Project Lead: Christian Marchese Ph.d

The coastal oceans of British Columbia (BC) and Southeast (SE) Alaska are influenced by the interplay of different climatic and oceanographic processes. These regions, where freshwater and ocean waters interact, support diverse food-webs and determine the habitat available for various species of Pacific salmon, which are highly sensitive to changes in environmental conditions.

In recent years, Pacific salmon stocks have fallen below average levels, possibly due to a low prey availability for juvenile salmon caused by a mismatch with the timing of phytoplankton and zooplankton blooms. The latter have shown to be highly variable because influenced by a combination of environmental factors, such as ocean temperature. In this connection, the detection of biogeochemical provinces (also referred to as ecological provinces or bioregions) in the coastal oceans of BC and SE Alaska is key to improve our understanding of abiotic processes regulating phytoplankton dynamics and productivity, which in turn influence marine food web structure. Notwithstanding that, to date, no implementation of the biogeochemical provinces concept has been used at regional scale to capture the impact of changing environmental conditions along coastal oceans of British Columbia (BC) and Southeast (SE).

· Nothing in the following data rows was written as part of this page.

lemma vfieldsI:
  assumes "\<And>f. f \<in> F \<Longrightarrow> Z f \<in> F" "\<And>c. Z (\<lambda>_. c) = 0"
    and "\<And>f h. f \<in> F \<Longrightarrow> h \<in> F \<Longrightarrow> Z (f + h) = Z f + Z h"
    and "\<And>f h. f \<in> F \<Longrightarrow> h \<in> F \<Longrightarrow> Z (f * h) = Z f * h + f * Z h"
    and "\<And>h. h \<notin> F \<Longrightarrow> Z h = 0"
  shows "Z \<in> vfields F"
  using assms unfolding vfields_def by blast

lemma vfields_zero [simp]: "0 \<in> vfields F"
  unfolding vfields_def by (simp add: fun_apply_simps)
lemma vfields_add [simp]: "X \<in> vfields F \<Longrightarrow> Y \<in> vfields F \<Longrightarrow> X + Y \<in> vfields F"
  by (rule vfieldsI) (simp_all add: vfield_outside fun_eq_iff fun_apply_simps algebra_simps)
lemma vfields_uminus [simp]: "X \<in> vfields F \<Longrightarrow> - X \<in> vfields F"
  by (rule vfieldsI) (simp_all add: vfield_outside fun_eq_iff fun_apply_simps algebra_simps)
lemma vfields_diff [simp]: "X \<in> vfields F \<Longrightarrow> Y \<in> vfields F \<Longrightarrow> X - Y \<in> vfields F"
  by (metis vfields_add vfields_uminus diff_conv_add_uminus)
lemma vfields_smv [simp]: "f \<in> F \<Longrightarrow> X \<in> vfields F \<Longrightarrow> smv f X \<in> vfields F"
  by (rule vfieldsI) (simp_all add: vfield_outside fun_eq_iff fun_apply_simps algebra_simps)
lemma vfields_lie [simp]: "X \<in> vfields F \<Longrightarrow> Y \<in> vfields F \<Longrightarrow> lie X Y \<in> vfields F"
  by (rule vfieldsI) (simp_all add: lie_def vfield_outside algebra_simps)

The project aims thus to provide an objectively and tailored bioregionalization of the BC and SE Alaska coastal waters, as a fundamental tool to assess marine ecosystem status and trends. More specifically, to obtain a finetuned discrimination of the environmental-biological interactions at sub-mesoscale, the project relies on the combined use of an unsupervised learning approach and high-spatial ocean measurement delivered by Sentinel-3. The recent Sentinel-3 mission will ensure the continuity of the developed classification scheme by providing long-term operational measurements. Besides, the implemented classification scheme to delineate provinces could be also used worldwide in similar types of coastal environments, facilitating further projects for marine living resources to arise.